You are running the above code on a single-core processor. For now, assume that the processor does not have caches. Therefore, all load/store instructions access the main memory, which has a fixed 50 -cycle latency, for both read and write operations. Assume that all load/store operations are serialized, i.e., the latency of multiple memory requests cannot be overlapped. Also assume that the execution time of a non-memoryaccess instruction is zero (i.e., we ignore its execution time).
(a) What is the execution time of the above piece of code in cycles?

4000 cycles.
Explanation: There are 5 memory accesses for each outer loop iteration. The outer loop iterates 16 times, and each memory access takes 50 cycles.
$16 * 5 * 50=4000$ cycles
(b) Assume that a 128 -byte private cache is added to the processor core in the next-generation processor. The cache block size is 8 -byte. The cache is direct-mapped. On a hit, the cache services both read and write requests in 5 cycles.
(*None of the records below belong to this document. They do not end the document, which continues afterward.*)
(* Let $A\in{\operatorname{\mathsf{TPD}}}_n(\mathbb{S}_{\max}^\vee)$, with $\gamma_i=a_{ii}$ ordered so that $\gamma_1\succeq\cdots\succeq\gamma_n$, and assume $\gamma=\gamma_1$ is simple, i.e. $\gamma_1\succ\gamma_2$. Let $v^{(1)}=(\gamma I\ominus A)^{\mathrm{adj}}_{:,1}$. If $v^{(1)}$ does not belong to $(\mathbb{S}_{\max}^\vee)^n$, then $A$ has no strong $\mathbb{S}_{\max}$-eigenvector associated to the eigenvalue $\gamma$.
   Context: $\mathbb{S}_{\max}$ is the symmetrized tropical semiring over a divisible totally ordered abelian group, with zero $\mathbf{0}$, unit $\mathbf{1}$, minus $\ominus$; $\mathbb{S}_{\max}^\vee$ is the set of signed elements (positive, negative or $\mathbf{0}$). $a\preceq b$ iff $b=a\oplus b$; $a\succ b$ iff $b\preceq a$ and $a\ne b$. $A\in{\operatorname{\mathsf{TPD}}}_n(\mathbb{S}_{\max}^\vee)$: $A$ symmetric with signed entries, $\mathbf{0}<a_{ii}$ and $a_{ij}^2<a_{ii}a_{jj}$ for $i\ne j$ (where $a<b$ iff $b\ominus a$ is positive). Its $\mathbb{S}_{\max}$-eigenvalues are its diagonal entries. $(M^{\mathrm{adj}})_{ij}=(\ominus\mathbf{1})^{i+j}\det M[\hat j,\hat i]$ (signed determinant), $M_{:,1}$ the first column. A strong $\mathbb{S}_{\max}$-eigenvector for $\gamma$ is $v\in(\mathbb{S}_{\max}^\vee)^n\setminus\{\mathbf{0}\}$ with $Av=\gamma v$. *)

theory Defs
  imports "HOL-Combinatorics.Permutations"
begin
theorem theorem2p4:
  fixes f :: "real \<Rightarrow> real" and I :: "real set"
    and m \<alpha> a b q p x lam \<theta> :: real
  assumes hq: "q > 1" and hp: "p = q / (q - 1)"
    and I_int: "is_interval I" and I_nonneg: "I \<subseteq> {0..}"
    and f_diff: "\<forall>y\<in>interior I. f differentiable (at y)"
    and hm: "m \<in> {0<..1}" and h\<alpha>: "\<alpha> \<in> {0..1}"
    and hab: "a < b" and hma: "m * a \<in> interior I" and hb: "b \<in> interior I"
    and f'_int: "set_integrable lborel {m * a..m * b} (deriv f)"
    and conv: "alpha_m_convex_on \<alpha> m {m * a..b} (\<lambda>s. \<bar>deriv f s\<bar> powr q)"
    and hx: "x \<in> {a..b}" and hlam: "lam \<in> {0..1}" and h\<theta>: "\<theta> > 0"
  shows "\<bar>S_f f m x lam \<theta> a b\<bar>
    \<le> m powr \<theta> * A4 \<theta> lam p powr (1 / p) / (b - a) *
       ((x - a) powr (\<theta> + 1) *
          ((\<bar>deriv f (m * x)\<bar> powr q + \<alpha> * m * \<bar>deriv f a\<bar> powr q) / (\<alpha> + 1)) powr (1 / q)
      + (b - x) powr (\<theta> + 1) *
          ((\<bar>deriv f (m * x)\<bar> powr q + \<alpha> * m * \<bar>deriv f b\<bar> powr q) / (\<alpha> + 1)) powr (1 / q))"
proof -
  have m: "m > 0"
    using hm by simp
  note a = nonneg_and_DERIV_on_interior_segment(1)[OF I_int I_nonneg f_diff hm hab hma hb]
  note der = nonneg_and_DERIV_on_interior_segment(2)[OF I_int I_nonneg f_diff hm hab hma hb]
  have "m * b \<le> b"
    using a hab hm mult_left_le_one_le[of b m] by simp
  then have S: "S_f f m x lam \<theta> a b = - (m powr (\<theta> - 1) *
      ((x - a) powr \<theta> * side_integral lam \<theta> f (m * a) (m * x)
       + (b - x) powr \<theta> * side_integral lam \<theta> f (m * b) (m * x)) / (b - a))"
    using h\<theta> m hx hab der by (intro S_f_eq_side_integrals) auto
  define A where "A = A4 \<theta> lam p powr (1 / p)"
  define B where "B Y = ((\<bar>deriv f (m * x)\<bar> powr q + \<alpha> * m * \<bar>deriv f Y\<bar> powr q) / (\<alpha> + 1)) powr (1 / q)" for Y
  define J where "J Y = \<bar>side_integral lam \<theta> f (m * Y) (m * x)\<bar>" for Y
  have J: "J Y \<le> m * d * A * B Y" if "Y \<in> {a..b}" "d = \<bar>x - Y\<bar>" for Y d
    using side_integral_bound[OF hq hp h\<theta> hlam h\<alpha> hm a hx that(1) der conv] that(2)
    by (simp add: A_def B_def J_def)
  have "\<bar>S_f f m x lam \<theta> a b\<bar> = m powr (\<theta> - 1) / (b - a) *
      \<bar>(x - a) powr \<theta> * side_integral lam \<theta> f (m * a) (m * x)
       + (b - x) powr \<theta> * side_integral lam \<theta> f (m * b) (m * x)\<bar>"
    unfolding S using hab by (simp add: abs_mult)
  also have "\<dots> \<le> m powr (\<theta> - 1) / (b - a) * ((x - a) powr \<theta> * J a + (b - x) powr \<theta> * J b)"
    using hab unfolding J_def
    by (intro mult_left_mono) (auto simp: abs_mult intro: abs_triangle_ineq[THEN order_trans])
  also have "\<dots> \<le> m powr (\<theta> - 1) / (b - a) *
      ((x - a) powr \<theta> * (m * (x - a) * A * B a) + (b - x) powr \<theta> * (m * (b - x) * A * B b))"
    using hab hx J[of a "x - a"] J[of b "b - x"] by (intro mult_left_mono add_mono) auto
  also have "\<dots> = m powr \<theta> * A / (b - a) *
      ((x - a) powr (\<theta> + 1) * B a + (b - x) powr (\<theta> + 1) * B b)"
    using m hab hx by (simp add: powr_add powr_diff field_simps)
  finally show ?thesis
    by (simp add: A_def B_def)
qed

end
On a miss, the main memory is accessed and the access fills an 8-byte cache line in 50 cycles. Assuming that the cache is initially empty, what is the new execution time on this processor with the described cache? Show your work.

900 cycles.

## Explanation.

At the beginning A and B conflict in the first two cache lines. Then the elements of A and B go to
different cache lines. The total execution time is 1910 cycles.
Here is the access pattern for the first outer loop iteration:
$0-A[0], B[0], A[1], B[1], A[0]$
The first 4 references are loads, the last $(\mathrm{A}[0])$ is a store. The cache is initially empty. We have a cache miss for $\mathrm{A}[0] . \mathrm{A}[0]$ and $\mathrm{A}[1]$ is fetched to 0 th index in the cache. Then, $\mathrm{B}[0]$ is a miss, and it is conflicting with $\mathrm{A}[0]$. So, $\mathrm{A}[0]$ and $\mathrm{A}[1]$ are evicted. Similarly, all cache blocks in the first iteration are conflicting with each other. Since we have only cache misses, the latency for those 5 references is $5 * 50=250$ cycles

The status of the cache after making those seven references is:

| Cache Index | Cache Block |
| :---: | :---: |
| 0 | $\Lambda(0,1), \mathrm{B}(0,1), \Lambda(0,1), \mathrm{B}(0,1), \mathrm{A}(0,1)$ |

Second iteration on the outer loop:
$1-A[1], B[0], A[2], B[1], A[1]$

Cache hits/misses in the order of the references:
$H, M, M, H, M$
Latency $=2 * 5+3 * 50=165$ cycles
Cache Status:

- $\mathrm{A}(0,1)$ is in set 0
- $\mathrm{A}(2,3)$ is in set 1
- the rest of the cache is empty
$2-A[2], B[0], A[3], B[1], A[2]$

Cache hits/misses:
$H, M, H, H, H$
Latency : $4 * 5+1 * 50=70$ cycles

Cache Status:

- $\mathrm{B}(0,1)$ is in set 0
- $\mathrm{A}(2,3)$ is in set 1
- the rest of the cache is empty
$3-A[3], B[0], A[4], B[1], A[3]$

Cache hits/misses:
$H, H, M, H, H$
Latency : $4 * 5+1 * 50=70$ cycles

Cache Status:

- $\mathrm{B}(0,1)$ is in set 0
- $\mathrm{A}(2,3)$ is in set 1
- $\mathrm{A}(4,5)$ is in set 2
- the rest of the cache is empty
$4-A[4], B[0], A[5], B[1], A[4]$
Cache hits/misses:
$H, H, H, H, H$
Latency : $5 * 5=25$ cycles

Cache Status:

- $\mathrm{B}(0,1)$ is in set 0
- $\mathrm{B}(2,3)$ is in set 1
- $\mathrm{A}(4,5)$ is in set 2
- the rest of the cache is empty

After this point, single-miss and zero-miss (all hits) iterations are interleaved until the 16th iteration.
Overall Latency:
$165+70+(70+25) * 7=900$ cycles
(c) You are not satisfied with the performance after implementing the described cache. To do better, you consider utilizing a processing unit that is available close to the main memory. This processing unit can directly interface to the main memory with a 10-cycle latency, for both read and write operations. How many cycles does it take to execute the same program using the in-memory processing units? (Assume that the in-memory processing unit does not have a cache, and the memory accesses are serialized like in the processor core. The latency of the non-memory-access operations is ignored.)

800 cycles.
Explanation: Same as for the processor core without a cache, but the memory access latency is 10 cycles instead of $50.16 * 5 * 10=800$
(d) You friend now suggests that, by changing the cache capacity of the single-core processor (in part (b)), she could provide as good performance as the system that utilizes the memory processing unit (in part (c)).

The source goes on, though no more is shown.